Content starts
lemma card_orbit_size_eq:
  fixes O1 :: "'a \<Rightarrow> 'a set" and O2 :: "'b \<Rightarrow> 'b set"
  assumes fin: "finite (carrier P)" "finite (carrier Q)" and card_eq: "card (carrier P) = card (carrier Q)"
    and orbits: "\<And>x y. corresp x y \<Longrightarrow> card (O1 x) = card (O2 y)"
  shows "card {x \<in> carrier P. card (O1 x) = n} = card {y \<in> carrier Q. card (O2 y) = n}"
proof (rule card_fibre_eq_blockwise[where R = "rcosets\<^bsub>P\<^esub> Ann P C" and R' = "rcosets\<^bsub>Q\<^esub> Ann Q D"
      and k = "card (Ann P C)" and \<xi> = \<xi>])
  show "finite (carrier P)" "finite (carrier Q)"
    by (fact fin)+
  show "\<Union>(rcosets\<^bsub>P\<^esub> Ann P C) = carrier P" "pairwise disjnt (rcosets\<^bsub>P\<^esub> Ann P C)"
    by (rule A.P.rcosets_part_G[OF A.subgroup_Ann], rule A.P.rcos_disjoint[OF A.subgroup_Ann])
  show "\<Union>(rcosets\<^bsub>Q\<^esub> Ann Q D) = carrier Q" "pairwise disjnt (rcosets\<^bsub>Q\<^esub> Ann Q D)"
    by (rule B.P.rcosets_part_G[OF B.subgroup_Ann], rule B.P.rcos_disjoint[OF B.subgroup_Ann])
  show "card U = card (Ann P C)" if "U \<in> rcosets\<^bsub>P\<^esub> Ann P C" for U
    using A.P.card_rcosets_equal[OF that A.Ann_subset] by simp
  show "card V = card (Ann P C)" if "V \<in> rcosets\<^bsub>Q\<^esub> Ann Q D" for V
    using B.P.card_rcosets_equal[OF that B.Ann_subset] card_Ann_eq[OF fin card_eq] by simp
  show "0 < card (Ann P C)"
    using A.one_in_Ann finite_subset[OF A.Ann_subset fin(1)] card_gt_0_iff by blast
  show "bij_betw \<xi> (rcosets\<^bsub>P\<^esub> Ann P C) (rcosets\<^bsub>Q\<^esub> Ann Q D)"
    by (rule xi_bij)
  show "card (O1 x) = card (O2 y)" if U: "U \<in> rcosets\<^bsub>P\<^esub> Ann P C" "x \<in> U" "y \<in> \<xi> U" for U x y
  proof (rule orbits)
    have "x \<in> carrier P" "U = Ann P C #>\<^bsub>P\<^esub> x"
      using A.P.rcosets_eq_rcoset_of_mem[OF A.subgroup_Ann U(1,2)] by blast+
    moreover have "y \<in> carrier Q" "\<xi> U = Ann Q D #>\<^bsub>Q\<^esub> y"
      using B.P.rcosets_eq_rcoset_of_mem[OF B.subgroup_Ann bij_betw_apply[OF xi_bij U(1)] U(3)] by blast+
    ultimately show "corresp x y"
      unfolding corresp_def by simp
  qed
qed

lemma Lambda_graph_iso:
  assumes "finite (carrier P)" "finite (carrier Q)" "card (carrier P) = card (carrier Q)"
  shows "Lambda_graph_iso P C Q D"
  unfolding Lambda_graph_iso_def A.lambda_orbits_eq B.lambda_orbits_eq
  by (rule graph_iso_big_orbits[OF assms(1) A.orbit_map_lambda_orbit assms(2) B.orbit_map_lambda_orbit
        card_orbit_size_eq[OF assms card_lambda_orbit_eq]])

lemma Theta_graph_iso:
  assumes "finite (carrier P)" "finite (carrier Q)" "card (carrier P) = card (carrier Q)"
  shows "Theta_graph_iso P C Q D"
  unfolding Theta_graph_iso_def A.theta_orbits_eq B.theta_orbits_eq
  by (rule graph_iso_big_orbits[OF assms(1) A.orbit_map_theta_orbit assms(2) B.orbit_map_theta_orbit
        card_orbit_size_eq[OF assms card_theta_orbit_eq]])

end

theorem mainTheorem8:
  fixes P C :: "'a monoid" and Q D :: "'b monoid"
  assumes "skew_brace P C" and "skew_brace Q D"
    and "finite (carrier P)" and "finite (carrier Q)"
    and "card (carrier P) = card (carrier Q)"
    and "isoclinic P C Q D"
  shows "Lambda_graph_iso P C Q D \<and> Theta_graph_iso P C Q D"
proof -
  obtain \<xi> \<delta> where "skew_brace_isoclinism P C Q D \<xi> \<delta>"
    using assms(1,2,6) unfolding isoclinic_def skew_brace_isoclinism_def skew_brace_isoclinism_axioms_def
      skewbrace_def by blast
  then interpret skew_brace_isoclinism P C Q D \<xi> \<delta> .
  show ?thesis
    using Lambda_graph_iso Theta_graph_iso assms(3-5) by blast
qed

end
Content ends
[The task]
Only lines that include "Union" belong in the answer; return them from the entries above.

[Task result]
  show "\<Union>(rcosets\<^bsub>P\<^esub> Ann P C) = carrier P" "pairwise disjnt (rcosets\<^bsub>P\<^esub> Ann P C)"
  show "\<Union>(rcosets\<^bsub>Q\<^esub> Ann Q D) = carrier Q" "pairwise disjnt (rcosets\<^bsub>Q\<^esub> Ann Q D)"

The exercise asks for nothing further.